IRanges::width(pa14$seq)
## [1] 6537648
I would like to back these up with some numbers from Yoann’s RNASeq. But until I do, the ‘HiSeq_2500_1500_Sequencing_systems_specsheet.pdf’ Najib sent me shows the following:
2 x 50 nt reads: 25-30 Gb. in high-throughput mode. (Call it 12 Gb for 50 nt single)
‘Up to 1.5 billion single reads passing quality filters.’
So let us assume that the genome is completely and equally expressed.
We therefore expect some number of reads per nt.
The following is assuming one uses a normal read-mode, divide all numbers by 5 for rapid run.
## [1] 229.4
## [1] 11472
## [1] 247158
## [1] 254.5
Caveat, the genome is only 1.8E6 nt rather than your 6.5E6.
Also, lets jump straight to the number of reads aligned to cds sequences.
These were run in a single sequencing run, I do not know if rapid or regular, but 100 nt single. Note that I am only counting the successfully mapped reads to the cds, including reads which map randomly to more than 1 place (but are mapped only once.)
Sample: Total counts to cds with strict mapping parameters (1,814 cds entries)

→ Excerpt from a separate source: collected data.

(* Let $1\le n<L$ and suppose $p_k,q_k>0$ for all $k$. Let $\pi$ be the stationary distribution of the ASEP on $\Psi_{L,n}$ and $\hat\pi$ the (unique) stationary distribution of the chain on $\Omega_{L,n}$. Then for every $\psi\in\Psi_{L,n}$, $$\pi(\psi)=\sum_{\omega\in\Pi^{-1}(\psi)}\hat\pi(\omega).$$
   Context: Particle labels $k$ are taken modulo $n$, positions modulo $L$. $\Omega_{L,n}$ is the set of words $w_1\cdots w_L$ on the ring $\mathbb{Z}/L\mathbb{Z}$ over the alphabet $\{\bullet_1,\dots,\bullet_n,\Box_1,\dots,\Box_n\}$ in which each $\bullet_k$ occurs exactly once, the letters $\bullet_1,\dots,\bullet_n$ appear in this cyclic order, and the remaining $L-n$ letters are arbitrary $\Box_i$'s. The chain on $\Omega_{L,n}$ has transitions (displayed segments are consecutive positions, rest unchanged, $C$ a possibly empty word in the $\Box$-letters): (T1) $\bullet_k\Box_i \to \Box_i\bullet_k$ at rate $p_k$, if $i\neq k$; (T2) $\bullet_{k-1}\,C\,\bullet_k\Box_k \to \bullet_{k-1}\Box_{k-1}\,C\,\bullet_k$ at rate $p_k$; (T3) $\Box_i\bullet_k \to \bullet_k\Box_i$ at rate $q_k$, if $i\neq k$; (T4) $\Box_k\bullet_k\,C\,\bullet_{k+1} \to \bullet_k\,C\,\Box_{k+1}\bullet_{k+1}$ at rate $q_k$. $\Psi_{L,n}$ is the set of words on the ring $\mathbb{Z}/L\mathbb{Z}$ containing each of $\bullet_1,\dots,\bullet_n$ exactly once in this cyclic order and $L-n$ vacancies $\Box$; the ASEP on $\Psi_{L,n}$ has only the transitions $\bullet_k\Box\to\Box\bullet_k$ at rate $p_k$ and $\Box\bullet_k\to\bullet_k\Box$ at rate $q_k$. The map $\Pi:\Omega_{L,n}\to\Psi_{L,n}$ replaces every $\Box_i$ by $\Box$. *)

theory Defs
  imports Complex_Main
begin

text \<open>Words on the ring Z/LZ are lists of length L; position i < L, indices mod L.
  Particle labels are 0..n-1 (paper: 1..n), taken mod n.\<close>

datatype oletter = Pt nat | Bx nat
datatype pletter = PPt nat | Vac

definition nxt :: "nat \<Rightarrow> nat \<Rightarrow> nat" where "nxt L x = Suc x mod L"
definition prv :: "nat \<Rightarrow> nat \<Rightarrow> nat" where "prv L x = (x + L - 1) mod L"

fun olab :: "oletter \<Rightarrow> nat option" where
  "olab (Pt k) = Some k" | "olab (Bx m) = None"
fun plab :: "pletter \<Rightarrow> nat option" where
  "plab (PPt k) = Some k" | "plab Vac = None"

definition next_dist :: "nat \<Rightarrow> nat option list \<Rightarrow> nat \<Rightarrow> nat" where
  "next_dist L u i = (LEAST d. 0 < d \<and> u ! ((i + d) mod L) \<noteq> None)"
definition prev_dist :: "nat \<Rightarrow> nat option list \<Rightarrow> nat \<Rightarrow> nat" where
  "prev_dist L u i = (LEAST d. 0 < d \<and> u ! ((i + L - d) mod L) \<noteq> None)"

definition wf_lab :: "nat \<Rightarrow> nat \<Rightarrow> nat option list \<Rightarrow> bool" where
  "wf_lab L n u \<longleftrightarrow> length u = L
     \<and> (\<forall>i<L. \<forall>k. u ! i = Some k \<longrightarrow> k < n)
     \<and> (\<forall>k<n. \<exists>!i. i < L \<and> u ! i = Some k)
     \<and> (\<forall>i<L. \<forall>k. u ! i = Some k \<longrightarrow>
          u ! ((i + next_dist L u i) mod L) = Some (Suc k mod n))"

definition Omega :: "nat \<Rightarrow> nat \<Rightarrow> oletter list set" where
  "Omega L n = {w. wf_lab L n (map olab w) \<and> (\<forall>i<length w. \<forall>m. w ! i = Bx m \<longrightarrow> m < n)}"

definition Psi :: "nat \<Rightarrow> nat \<Rightarrow> pletter list set" where
  "Psi L n = {w. wf_lab L n (map plab w)}"

fun proj_letter :: "oletter \<Rightarrow> pletter" where
  "proj_letter (Pt k) = PPt k" | "proj_letter (Bx m) = Vac"

definition Proj :: "oletter list \<Rightarrow> pletter list" where
  "Proj w = map proj_letter w"

definition T1 :: "nat \<Rightarrow> (nat \<Rightarrow> real) \<Rightarrow> oletter list \<Rightarrow> nat \<Rightarrow> (oletter list \<times> real) option" where
  "T1 L p w i = (case (w ! i, w ! nxt L i) of
      (Pt k, Bx m) \<Rightarrow> if m \<noteq> k then Some (w[i := Bx m, nxt L i := Pt k], p k) else None
    | _ \<Rightarrow> None)"

definition T3 :: "nat \<Rightarrow> (nat \<Rightarrow> real) \<Rightarrow> oletter list \<Rightarrow> nat \<Rightarrow> (oletter list \<times> real) option" where
  "T3 L q w i = (case (w ! prv L i, w ! i) of
      (Bx m, Pt k) \<Rightarrow> if m \<noteq> k then Some (w[prv L i := Pt k, i := Bx m], q k) else None
    | _ \<Rightarrow> None)"

text \<open>T2: bullet_(k-1) C bullet_k Box_k -> bullet_(k-1) Box_(k-1) C bullet_k, where a is the
  position of bullet_(k-1) (d steps behind bullet_k at j); t is the offset of x after a, in 1..L.\<close>
definition T2 :: "nat \<Rightarrow> nat \<Rightarrow> (nat \<Rightarrow> real) \<Rightarrow> oletter list \<Rightarrow> nat \<Rightarrow> (oletter list \<times> real) option" where
  "T2 L n p w j = (case (w ! j, w ! nxt L j) of
      (Pt k, Bx m) \<Rightarrow> if m = k then
         (let d = prev_dist L (map olab w) j; a = (j + L - d) mod L in
          Some (map (\<lambda>x. if x = nxt L j then Pt k
                         else let t = (x + L - Suc a) mod L + 1 in
                           if t = 1 then Bx ((k + n - 1) mod n)
                           else if 2 \<le> t \<and> t \<le> d then w ! prv L x
                           else w ! x) [0..<L], p k))
       else None
    | _ \<Rightarrow> None)"

text \<open>T4: Box_k bullet_k C bullet_(k+1) -> bullet_k C Box_(k+1) bullet_(k+1), where b is the
  position of bullet_(k+1) (e steps after bullet_k at j); s is the distance from x to b, in 1..L.\<close>
definition T4 :: "nat \<Rightarrow> nat \<Rightarrow> (nat \<Rightarrow> real) \<Rightarrow> oletter list \<Rightarrow> nat \<Rightarrow> (oletter list \<times> real) option" where
  "T4 L n q w j = (case (w ! prv L j, w ! j) of
      (Bx m, Pt k) \<Rightarrow> if m = k then
         (let e = next_dist L (map olab w) j; b = (j + e) mod L in
          Some (map (\<lambda>x. if x = prv L j then Pt k
                         else let s = (b + L - Suc x) mod L + 1 in
                           if s = 1 then Bx (Suc k mod n)
                           else if 2 \<le> s \<and> s \<le> e then w ! nxt L x
                           else w ! x) [0..<L], q k))
       else None
    | _ \<Rightarrow> None)"

definition omove :: "nat \<Rightarrow> nat \<Rightarrow> (nat \<Rightarrow> real) \<Rightarrow> (nat \<Rightarrow> real) \<Rightarrow> oletter list \<Rightarrow> nat
    \<Rightarrow> (oletter list \<times> real) option" where
  "omove L n p q w i = (let ty = i div L; pos = i mod L in
     if ty = 0 then T1 L p w pos else if ty = 1 then T2 L n p w pos
     else if ty = 2 then T3 L q w pos else T4 L n q w pos)"

definition pmove :: "nat \<Rightarrow> (nat \<Rightarrow> real) \<Rightarrow> (nat \<Rightarrow> real) \<Rightarrow> pletter list \<Rightarrow> nat
    \<Rightarrow> (pletter list \<times> real) option" where
  "pmove L p q w i = (let pos = i mod L in
     if i div L = 0 then
       (case (w ! pos, w ! nxt L pos) of
          (PPt k, Vac) \<Rightarrow> Some (w[pos := Vac, nxt L pos := PPt k], p k) | _ \<Rightarrow> None)
     else
       (case (w ! prv L pos, w ! pos) of
          (Vac, PPt k) \<Rightarrow> Some (w[prv L pos := PPt k, pos := Vac], q k) | _ \<Rightarrow> None))"

definition trate :: "('s \<Rightarrow> nat \<Rightarrow> ('s \<times> real) option) \<Rightarrow> nat \<Rightarrow> 's \<Rightarrow> 's \<Rightarrow> real" where
  "trate mv N s s' = (\<Sum>i<N. case mv s i of None \<Rightarrow> 0 | Some (t, r) \<Rightarrow> if t = s' then r else 0)"

definition stationary :: "'s set \<Rightarrow> ('s \<Rightarrow> 's \<Rightarrow> real) \<Rightarrow> ('s \<Rightarrow> real) \<Rightarrow> bool" where
  "stationary S Q \<pi> \<longleftrightarrow> (\<forall>s\<in>S. 0 \<le> \<pi> s) \<and> (\<Sum>s\<in>S. \<pi> s) = 1
     \<and> (\<forall>s\<in>S. (\<Sum>s'\<in>S - {s}. \<pi> s * Q s s') = (\<Sum>s'\<in>S - {s}. \<pi> s' * Q s' s))"

definition QOmega :: "nat \<Rightarrow> nat \<Rightarrow> (nat \<Rightarrow> real) \<Rightarrow> (nat \<Rightarrow> real) \<Rightarrow> oletter list \<Rightarrow> oletter list \<Rightarrow> real" where
  "QOmega L n p q = trate (omove L n p q) (4 * L)"

definition QPsi :: "nat \<Rightarrow> (nat \<Rightarrow> real) \<Rightarrow> (nat \<Rightarrow> real) \<Rightarrow> pletter list \<Rightarrow> pletter list \<Rightarrow> real" where
  "QPsi L p q = trate (pmove L p q) (2 * L)"

end

theory Submission
  imports Defs
begin

definition balanced :: "'s set \<Rightarrow> ('s \<Rightarrow> 's \<Rightarrow> real) \<Rightarrow> ('s \<Rightarrow> real) \<Rightarrow> bool" where
  "balanced S Q \<nu> \<longleftrightarrow> (\<forall>s\<in>S. (\<Sum>s'\<in>S - {s}. \<nu> s * Q s s') = (\<Sum>s'\<in>S - {s}. \<nu> s' * Q s' s))"

lemma stationary_iff_balanced:
  "stationary S Q \<pi> \<longleftrightarrow> (\<forall>s\<in>S. 0 \<le> \<pi> s) \<and> sum \<pi> S = 1 \<and> balanced S Q \<pi>"
  unfolding stationary_def balanced_def ..

lemma balanced_iff_full_sums:
  assumes "finite S"
  shows "balanced S Q \<nu> \<longleftrightarrow> (\<forall>s\<in>S. (\<Sum>s'\<in>S. \<nu> s * Q s s') = (\<Sum>s'\<in>S. \<nu> s' * Q s' s))"
  unfolding balanced_def using assms by (simp add: sum.remove)

lemma balanced_diff:
  assumes "balanced S Q \<nu>" and "balanced S Q \<mu>"
  shows "balanced S Q (\<lambda>s. \<nu> s - \<mu> s)"
  using assms unfolding balanced_def by (simp add: left_diff_distrib sum_subtractf)

lemma balanced_uminus:
  assumes "balanced S Q \<nu>"
  shows "balanced S Q (\<lambda>s. - \<nu> s)"
  using assms unfolding balanced_def by (simp add: sum_negf)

spyogenes_summary <- data.frame(
ids=c("hpgl0531","hpgl0532","hpgl0533","hpgl0534","hpgl0535","hpgl0536","hpgl0537","hpgl0538","hpgl0539",
"hpgl0540","hpgl0541","hpgl0542","hpgl0543","hpgl0544","hpgl0545","hpgl0546","hpgl0547","hpgl0548","hpgl0549",
"hpgl0550","hpgl0551","hpgl0552","hpgl0553","hpgl0554"),
reads=c(5729423, 6032465, 5554651, 5946316, 5711986, 6451776, 3356330, 4022852,
5203054, 5655144, 5324956, 5953598, 5556916, 5203653, 5076034, 5475249,
6150507, 4712725, 5176689, 5788482, 6052472, 5555723, 5655540, 6403623))

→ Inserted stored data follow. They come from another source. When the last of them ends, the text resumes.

definition neg_shift :: "real \<Rightarrow> ('a::real_vector \<Rightarrow> 'a set) \<Rightarrow> ('a \<Rightarrow> 'a set)" where
  "neg_shift \<mu> Q = (\<lambda>y. (\<lambda>q. - q - \<mu> *\<^sub>R y) ` Q y)"

end

(*
  By Minty's theorem every s is x + m with m \<in> M x,
  and the reflection R s = x - m is nonexpansive. Maximal monotonicity of -Q - \<mu>I gives, again
  by Minty, that every d is y - q with q \<in> Q y, and \<mu>-unmonotonicity makes S d = y + q a
  contraction with constant 1/(1 + \<mu>). A fixed point s = S (R s) from Banach's theorem yields
  x + m = y + q and x - m = y - q, hence a common point (x, m) of both graphs; it is unique since
  a pair that is monotonically and \<mu>-unmonotonically related to (x, m) must equal it.
*)

theory Submission
  imports Defs
begin

lemma monotone_mfD:
  assumes "monotone_mf M" "q1 \<in> M y1" "q2 \<in> M y2"
  shows "0 \<le> inner (y1 - y2) (q1 - q2)"
  using assms unfolding monotone_mf_def graph_def by auto

lemma unmonotone_mfD:
  assumes "unmonotone_mf \<mu> Q" "q1 \<in> Q y1" "q2 \<in> Q y2"
  shows "inner (y1 - y2) (q1 - q2) + \<mu> * ((norm (y1 - y2))\<^sup>2 + (norm (q1 - q2))\<^sup>2) \<le> 0"
  using assms unfolding unmonotone_mf_def graph_def by auto

lemma max_monotone_mf_imp_monotone_mf: "max_monotone_mf M \<Longrightarrow> monotone_mf M"
  by (simp add: max_monotone_mf_def)

lemma max_monotone_mf_memI:
  fixes A :: "'a::real_inner \<Rightarrow> 'a set"
  assumes max: "max_monotone_mf A"
    and related: "\<And>a b. b \<in> A a \<Longrightarrow> 0 \<le> inner (x - a) (u - b)"
  shows "u \<in> A x"
proof -
  define A' where "A' = (\<lambda>y. if y = x then insert u (A y) else A y)"
  have graph_A': "graph A' = insert (x, u) (graph A)"
    by (auto simp: graph_def A'_def split: if_splits)
  have related': "0 \<le> inner (a - x) (b - u)" if "b \<in> A a" for a b
    using related[OF that] by (metis inner_minus_left inner_minus_right minus_diff_eq)
  have "monotone_mf A'"
    using max related related' unfolding max_monotone_mf_def monotone_mf_def graph_A'
    by (auto simp: graph_def)
  then have "graph A' = graph A"
    using max graph_A' unfolding max_monotone_mf_def by blast
  then show ?thesis
    using graph_A' by (auto simp: graph_def)
qed

lemma max_monotone_mf_graph_nonempty:
  fixes A :: "'a::real_inner \<Rightarrow> 'a set"
  assumes "max_monotone_mf A"
  shows "graph A \<noteq> {}"
  using max_monotone_mf_memI[OF assms, of 0 0] by (auto simp: graph_def)

lemma norm_convex_combination_power2:
  fixes p q :: "'a::real_inner"
  shows "(norm ((1 - t) *\<^sub>R p + t *\<^sub>R q))\<^sup>2
    = (1 - t) * (norm p)\<^sup>2 + t * (norm q)\<^sup>2 - t * (1 - t) * (norm (p - q))\<^sup>2"
  unfolding power2_norm_eq_inner
  by (simp add: inner_add_left inner_add_right inner_diff_left inner_diff_right
      inner_commute algebra_simps power2_eq_square)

knitr::kable(spyogenes_summary)
ids | reads |
---|---|
hpgl0531 | 5729423 |
hpgl0532 | 6032465 |
hpgl0533 | 5554651 |
hpgl0534 | 5946316 |
hpgl0535 | 5711986 |
hpgl0536 | 6451776 |
hpgl0537 | 3356330 |
hpgl0538 | 4022852 |
hpgl0539 | 5203054 |
hpgl0540 | 5655144 |
hpgl0541 | 5324956 |
hpgl0542 | 5953598 |
hpgl0543 | 5556916 |
hpgl0544 | 5203653 |
hpgl0545 | 5076034 |
hpgl0546 | 5475249 |
hpgl0547 | 6150507 |
hpgl0548 | 4712725 |
hpgl0549 | 5176689 |
hpgl0550 | 5788482 |
hpgl0551 | 6052472 |
hpgl0552 | 5555723 |
hpgl0553 | 5655540 |
hpgl0554 | 6403623 |
## the range of reads / sample mapped goes from ~ 3,360,000 to 6,450,000.
summary(spyogenes_summary$reads)
## Min. 1st Qu. Median Mean 3rd Qu. Max.
## 3356330 5203503 5606030 5489590 5948136 6451776
## [1] "1.318e+08"
So I think we can assume that they loaded 1 lane of a normal 8 lane run?
But the main piece of interesting information in my mind: the numbers of reads/sample varied by about a factor of 2.